The impact of these cuts on public-sector workers and working-class communities is stark and severe. All pay controlled by the Scottish government is to be frozen for those earning over £21,000 a year – in effect, a pay cut. Those on less than £21,000 will get a paltry £250 rise. The local authority employers have already imposed three years of pay cuts, supported by all the main parties – including the SNP.

The SNP budget plans huge, deep cuts in higher and further education of 12% – £200 million. Transport, housing, schools, social work and civil service functions will all see major reductions in spending. On top of this the SNP also demanded, as part of their budget, a 3% efficiency savings target across the public sector in Scotland – these are nothing more than further cuts of £800 million.

Local councils across Scotland will face real term cuts of 4% from April. This will lead to deep cuts in jobs and services that working-class communities rely on.

The SNP has abandoned its so-called ‘opposition’ to PFI/PPP-type privatisation schemes and will bring in £2.5 billion in private finance for building projects in schools, hospitals and other infrastructure projects. This is despite the huge burdens that these schemes put on the public sector in repayment to the already bulging pockets of the banks and private construction companies.

Even the NHS, whose workers now face a wage freeze from April, will see cuts in spending when the costs of inflation are factored in.

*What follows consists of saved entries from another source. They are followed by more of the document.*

(* Let $V$ be a finite-dimensional complex vector space with a Hermitian inner product and norm $\|\cdot\|$, let $\mathbf G$ be a finite group of unitary transformations of $V$, let $\mathbf x_0\in V$ with $\|\mathbf x_0\|=1$, fix a subgroup sequence $\{I\}=\mathbf G_0<\mathbf G_1<\cdots<\mathbf G_m=\mathbf G$ and coset leader sets $\operatorname{CL}(\mathbf G_k/\mathbf G_{k-1})$, $1\le k\le m$. If every set $\operatorname{CL}(\mathbf G_k/\mathbf G_{k-1})$ is greed compatible, then the subgroup decoding algorithm decodes robustly (and thus also correctly with some noise).
   Context: $S=\operatorname{Stab}_{\mathbf G}(\mathbf x_0)$; for a subgroup $H$, $\operatorname{Stab}_H(\mathbf x_0)=H\cap S$. Codewords are $g^{-1}\mathbf x_0$, $g\in\mathbf G$. $\operatorname{CL}(\mathbf G_k/\mathbf G_{k-1})$ is a set of representatives of the left cosets of $\mathbf G_{k-1}$ in $\mathbf G_k$ containing $I$. Subgroup decoding algorithm: given $\mathbf r\in V$, set $\mathbf r_0=\mathbf r$; for $k=1,\dots,m$ choose $d_k\in\operatorname{CL}(\mathbf G_k/\mathbf G_{k-1})$ minimizing $\|a\mathbf r_{k-1}-\mathbf x_0\|$ over $a\in\operatorname{CL}(\mathbf G_k/\mathbf G_{k-1})$ (ties broken by a fixed ordering), set $\mathbf r_k=d_k\mathbf r_{k-1}$; output $g'=d_m\cdots d_1$. It decodes robustly if for every $g\in\mathbf G$ and $\mathbf r\in V$ with $\|\mathbf r-g^{-1}\mathbf x_0\|<\|\mathbf r-h^{-1}\mathbf x_0\|$ for all $h\notin Sg$, the output lies in $Sg$. It decodes correctly with some noise if there is $\delta>0$ such that $\|\mathbf r-g^{-1}\mathbf x_0\|<\delta$ implies the output lies in $Sg$. Fundamental region of a subgroup $H$: $\operatorname{FR}(H)=\{\mathbf x:\|\mathbf x-\mathbf x_0\|<\|h\mathbf x-\mathbf x_0\|\ \forall h\in H\setminus\operatorname{Stab}_H(\mathbf x_0)\}$. For subgroups $H\le K$, a set $\operatorname{CL}$ of left coset representatives of $H$ in $K$ is greed compatible if for every $\mathbf x\in\operatorname{FR}(H)$ there is $c\in\operatorname{CL}$ with $c\mathbf x\in\operatorname{FR}(K)$. *)

theory Defs
  imports "HOL-Analysis.Analysis"
begin

text \<open>V = complex^'n with its standard Hermitian inner product; the HOL-Analysis norm on
  complex^'n is exactly the induced Hermitian norm.\<close>

type_synonym 'n cmat = "complex^'n^'n"

definition adjoint_mat :: "'n::finite cmat \<Rightarrow> 'n cmat" where
  "adjoint_mat A = (\<chi> i j. cnj (A $ j $ i))"

definition unitary_mat :: "'n::finite cmat \<Rightarrow> bool" where
  "unitary_mat A \<longleftrightarrow> adjoint_mat A ** A = mat 1 \<and> A ** adjoint_mat A = mat 1"

definition matinv :: "'n::finite cmat \<Rightarrow> 'n cmat" where
  "matinv A = (THE B. A ** B = mat 1 \<and> B ** A = mat 1)"

definition is_group :: "'n::finite cmat set \<Rightarrow> bool" where
  "is_group G \<longleftrightarrow> mat 1 \<in> G \<and> (\<forall>A\<in>G. \<forall>B\<in>G. A ** B \<in> G)
     \<and> (\<forall>A\<in>G. \<exists>B\<in>G. A ** B = mat 1 \<and> B ** A = mat 1)"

While the SNP buckled and proposed this huge cuts package, Labour welcomed the pay freeze and fully accepted the need for cuts. None of the establishment parties are prepared to lift a finger to defend jobs, pay or public services.

The trade unions must respond to the attacks on their members’ pay and jobs and our public services. An urgent council of war should be organised involving the public sector unions to prepare for coordinated mass action, including preparing for a one-day public sector strike as early in 2011 as practicable.

The trade unions should demand that elected councillors and MSPs (members of Scotland’s parliament) refuse to make the cuts and instead set needs budgets that protect jobs and services. This should be backed up by the building of a mass campaign to demand a return of the £3.3 billion stolen from Scottish public services by the Con-Dem government in the spending review in October.

A Scottish anti-cuts alliance will be launched in January that aims to unite the local anti-cuts campaigns and trade unions to assist in building the campaign.

The vast majority of our spineless politicians will not take the ‘Liverpool road’ and refuse to make the cuts. That’s why we need to also build a political voice for workers, communities and trade unionists. Socialist Party Scotland is taking part in discussions to prepare a left, anti-cuts coalition to challenge for the Scottish elections in May 2011.